During the Deal Closing Period

  • Focus on the deal at hand as the #1 priority. There will be a lot of pressure to divert your attention elsewhere but you must press forward.
  • Focus on closing the deal on time, with an abundance of disclosure, and all issues wrapped up or put on a post-deal actions list (in the agreement and all parties noting this).
  • Be very organized with actions and commitments.
  • Pace yourself. Anticipate what will be needed or needs to be done when. No one will likely tell you this until it is too late.
  • Stick to committed deadlines no matter what. Stay late, really late, work all weekend, get in early, but no matter what, get it done.
  • Return phone calls promptly.
  • Keep track of what documents have been supplied to whom.
  • Use one person as the key communicator in the deal negotiations.
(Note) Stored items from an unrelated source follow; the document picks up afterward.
lemma nn_integral_sqrt_pmf_eq_infsum:
  "(\<integral>\<^sup>+v. ennreal (sqrt (pmf J (u, v) * pmf J (u', v))) \<partial>count_space UNIV)
    = ennreal (infsum (\<lambda>v. sqrt (pmf J (u, v) * pmf J (u', v))) UNIV)"
proof -
  define F where "F = (\<lambda>v. sqrt (pmf J (u, v) * pmf J (u', v)))"
  have "F v \<le> pmf J (u, v) + pmf J (u', v)" for v
  proof -
    have "F v \<le> (pmf J (u, v) + pmf J (u', v)) / 2"
      unfolding F_def by (rule arith_geo_mean_sqrt) simp_all
    also have "\<dots> \<le> pmf J (u, v) + pmf J (u', v)" by simp
    finally show ?thesis .
  qed
  then have "(\<integral>\<^sup>+v. ennreal (F v) \<partial>count_space UNIV)
      \<le> (\<integral>\<^sup>+v. ennreal (pmf J (u, v)) + ennreal (pmf J (u', v)) \<partial>count_space UNIV)"
    by (intro nn_integral_mono) (simp flip: ennreal_plus)
  also have "\<dots> = (\<integral>\<^sup>+v. ennreal (pmf J (u, v)) \<partial>count_space UNIV)
      + (\<integral>\<^sup>+v. ennreal (pmf J (u', v)) \<partial>count_space UNIV)"
    by (rule nn_integral_add) auto
  also have "\<dots> \<le> 1 + 1"
    by (intro add_mono nn_integral_pmf_fst_slice_le_1)
  finally have "(\<integral>\<^sup>+v. ennreal (F v) \<partial>count_space UNIV) < \<infinity>"
    by (rule order.strict_trans1) simp
  then have "integrable (count_space UNIV) F"
    by (intro integrableI_nonneg) (auto simp: F_def)
  then have summable: "Infinite_Set_Sum.abs_summable_on F UNIV"
    by (simp add: Infinite_Set_Sum.abs_summable_on_def)
  have "(\<integral>\<^sup>+v. ennreal (F v) \<partial>count_space UNIV) = ennreal (infsetsum F UNIV)"
    using nn_integral_conv_infsetsum[OF summable] by (simp add: F_def)
  also have "infsetsum F UNIV = infsum F UNIV" by (rule infsetsum_infsum[OF summable])
  finally show ?thesis by (simp add: F_def)
qed

lemma mult_div_le_sqrt_mult:
  fixes a b P :: real
  assumes "0 \<le> a" "a \<le> P" "0 \<le> b" "b \<le> P" "0 < P"
  shows "a * b / P \<le> sqrt (a * b)"
proof -
  define s where "s = sqrt (a * b)"
  have "0 \<le> s" and ab: "a * b = s * s" using assms by (simp_all add: s_def)
  have "a * b \<le> P * P" using assms by (intro mult_mono) simp_all
  then have "s \<le> P" using assms(5) real_sqrt_le_mono[of "a * b" "P * P"] by (simp add: s_def)
  then have "s * s \<le> s * P" using \<open>0 \<le> s\<close> by (rule mult_left_mono)
  then show ?thesis using assms(5) \<open>0 \<le> s\<close> by (simp add: ab s_def[symmetric] pos_divide_le_eq)
qed

lemma emeasure_cond_fst_neq:
  fixes J :: "(nat \<times> 'v) pmf"
  assumes supp: "\<And>z. z \<in> set_pmf J \<Longrightarrow> fst z < q"
    and pos: "measure_pmf.prob J {z. snd z = v} \<noteq> 0"
  shows "emeasure (measure_pmf (cond_fst J d v)) {w. w \<noteq> u}
    = ennreal ((\<Sum>u'\<in>{..<q} - {u}. pmf J (u', v)) / measure_pmf.prob J {z. snd z = v})"
proof -
  define E where "E = {z::nat \<times> 'v. snd z = v}"
  define wrong where "wrong = (\<lambda>u'. (u', v)) ` ({..<q} - {u})"
  have "E \<inter> {z. fst z \<noteq> u} \<inter> set_pmf J = wrong \<inter> set_pmf J"
  proof (intro equalityI subsetI)
    fix z assume z: "z \<in> E \<inter> {z. fst z \<noteq> u} \<inter> set_pmf J"
    then have "z = (fst z, v)" "fst z \<in> {..<q} - {u}" using supp[of z] by (auto simp: E_def)
    then show "z \<in> wrong \<inter> set_pmf J" using z unfolding wrong_def by (metis IntD2 IntI imageI)
  qed (auto simp: E_def wrong_def)
  then have "measure_pmf.prob J (E \<inter> {z. fst z \<noteq> u}) = measure_pmf.prob J wrong"
    by (metis measure_Int_set_pmf)
  also have "\<dots> = (\<Sum>u'\<in>{..<q} - {u}. pmf J (u', v))"
    unfolding wrong_def by (subst measure_measure_pmf_finite) (auto simp: sum.reindex inj_on_def)
  finally have wrong_prob: "measure_pmf.prob J (E \<inter> {z. fst z \<noteq> u}) = (\<Sum>u'\<in>{..<q} - {u}. pmf J (u', v))" .
  have "set_pmf J \<inter> E \<noteq> {}" using pos by (simp add: E_def measure_pmf_zero_iff)
  then have "emeasure (measure_pmf (cond_fst J d v)) {w. w \<noteq> u}
      = emeasure (measure_pmf J) (E \<inter> {z. fst z \<noteq> u}) / emeasure (measure_pmf J) E"
    using pos by (simp add: cond_fst_def E_def[symmetric] vimage_def cond_pmf.rep_eq)
  moreover have "0 < measure_pmf.prob J E" using pos by (simp add: E_def zero_less_measure_iff)
  ultimately show ?thesis
    using wrong_prob by (simp add: measure_pmf.emeasure_eq_measure E_def divide_ennreal sum_nonneg)
qed

lemma pmf_mult_cond_fst_error_le:
  fixes J :: "(nat \<times> 'v) pmf"
  assumes supp: "\<And>z. z \<in> set_pmf J \<Longrightarrow> fst z < q"
  shows "ennreal (pmf J (u, v)) * emeasure (measure_pmf (cond_fst J d v)) {w. w \<noteq> u}
    \<le> ennreal (\<Sum>u'\<in>{..<q} - {u}. sqrt (pmf J (u, v) * pmf J (u', v)))"
proof (cases "pmf J (u, v) = 0")
  case True
  then show ?thesis by simp
next
  case False
  define P where "P = measure_pmf.prob J {z. snd z = v}"
  have le_P: "pmf J (u', v) \<le> P" for u'
    using measure_pmf.finite_measure_mono[of "{(u', v)}" "{z. snd z = v}" J]
    by (simp add: measure_pmf_single P_def)
  have P_pos: "0 < P"
    unfolding P_def using False by (intro measure_pmf_posI) (auto simp: set_pmf_iff)
  have "ennreal (pmf J (u, v)) * emeasure (measure_pmf (cond_fst J d v)) {w. w \<noteq> u}
      = ennreal (pmf J (u, v) * ((\<Sum>u'\<in>{..<q} - {u}. pmf J (u', v)) / P))"
    using emeasure_cond_fst_neq[where J = J and q = q and v = v and d = d and u = u, OF supp] P_pos
    by (subst ennreal_mult'') (auto simp: P_def sum_nonneg)
  also have "pmf J (u, v) * ((\<Sum>u'\<in>{..<q} - {u}. pmf J (u', v)) / P)
      = (\<Sum>u'\<in>{..<q} - {u}. pmf J (u, v) * pmf J (u', v) / P)"
    by (simp add: sum_distrib_left sum_divide_distrib)
  also have "\<dots> \<le> (\<Sum>u'\<in>{..<q} - {u}. sqrt (pmf J (u, v) * pmf J (u', v)))"
    using le_P P_pos by (intro sum_mono mult_div_le_sqrt_mult) auto
  finally show ?thesis by (simp add: ennreal_leI)
qed

lemma cond_fst_error_le_Zbhat:
  fixes J :: "(nat \<times> 'v) pmf"
  assumes q: "2 \<le> q" and supp: "\<And>z. z \<in> set_pmf J \<Longrightarrow> fst z < q"
  shows "(\<integral>\<^sup>+z. emeasure (measure_pmf (cond_fst J d (snd z))) {w. w \<noteq> fst z} \<partial>measure_pmf J)
    \<le> ennreal ((real q - 1) * Zbhat q J)"
proof -
  define err where "err = (\<lambda>z. emeasure (measure_pmf (cond_fst J d (snd z))) {w. w \<noteq> fst z})"
  define B where "B = (\<lambda>u u' v. sqrt (pmf J (u, v) * pmf J (u', v)))"
  have pointwise: "ennreal (pmf J z) * err z
      \<le> (\<Sum>u<q. \<Sum>u'\<in>{..<q} - {u}. if fst z = u then ennreal (B u u' (snd z)) else 0)" for z
  proof (cases "fst z < q")
    case True
    have "(\<Sum>u<q. \<Sum>u'\<in>{..<q} - {u}. if fst z = u then ennreal (B u u' (snd z)) else 0)
        = (\<Sum>u<q. if fst z = u then (\<Sum>u'\<in>{..<q} - {u}. ennreal (B u u' (snd z))) else 0)"
      by (intro sum.cong) auto
    also have "\<dots> = ennreal (\<Sum>u'\<in>{..<q} - {fst z}. B (fst z) u' (snd z))"
      using True by (simp add: B_def)
    finally show ?thesis
      using pmf_mult_cond_fst_error_le[where J = J and q = q and u = "fst z" and v = "snd z" and d = d, OF supp] by (simp add: err_def B_def)
  next
    case False
    then have "pmf J z = 0" using supp by (meson set_pmf_iff)
    then show ?thesis by simp
  qed
  have "(\<integral>\<^sup>+z. err z \<partial>measure_pmf J) = (\<integral>\<^sup>+z. ennreal (pmf J z) * err z \<partial>count_space UNIV)"
    by (rule nn_integral_measure_pmf)
  also have "\<dots> \<le> (\<integral>\<^sup>+z. (\<Sum>u<q. \<Sum>u'\<in>{..<q} - {u}. if fst z = u then ennreal (B u u' (snd z)) else 0)
      \<partial>count_space UNIV)"
    by (intro nn_integral_mono pointwise)
  also have "\<dots> = (\<Sum>u<q. \<Sum>u'\<in>{..<q} - {u}.
      \<integral>\<^sup>+z. (if fst z = u then ennreal (B u u' (snd z)) else 0) \<partial>count_space UNIV)"
    by (subst nn_integral_sum) (auto intro!: sum.cong nn_integral_sum)
  also have "\<dots> = (\<Sum>u<q. \<Sum>u'\<in>{..<q} - {u}. \<integral>\<^sup>+v. ennreal (B u u' v) \<partial>count_space UNIV)"
    by (intro sum.cong refl) (rule nn_integral_count_space_fst_slice)
  also have "\<dots> = (\<Sum>u<q. \<Sum>u'\<in>{..<q} - {u}. ennreal (infsum (B u u') UNIV))"
    unfolding B_def by (simp add: nn_integral_sqrt_pmf_eq_infsum)
  also have "\<dots> = ennreal ((real q - 1) * Zbhat q J)"
    using q by (simp add: Zbhat_def B_def infsum_nonneg sum_nonneg)
  finally show ?thesis unfolding err_def .
qed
  • Use the best lawyer who will focus on actions, clarity, and precision. Use the most experienced lawyer you can since you will not be able to devote considerable time to reading all the documents yourself.
  • Hash out the deal structure at the high-level during the term sheet stage but drill down into the details of the corporate structure and any tax effects as soon as possible.
  • Bring debt lenders into the fold early enough to avoid delays but late enough not to cloud negotiations with potential equity investors.
  • Be courteous to everyone at all times (this includes auditors late at night on a Sunday).
  • Plan for last minute delays. Brainstorm continuously with lawyers, accountants, and other advisors about anything that may hold up the deal. Talk with the other side of the deal to make sure there aren’t any potential issues or delay brewing.
  • Let your lawyer negotiate the legalese with the other side’s lawyer. However, substantial business issues should be hashed out one-on-one between deal participants.
  • Make a list of post-deal actions as you think of them (by reading documents, conversations, commitments to people).

Once the deal has closed and you see the wire in your bank account then celebrate… but, be sure to get back to work in the morning! You’ve now got new bosses to please.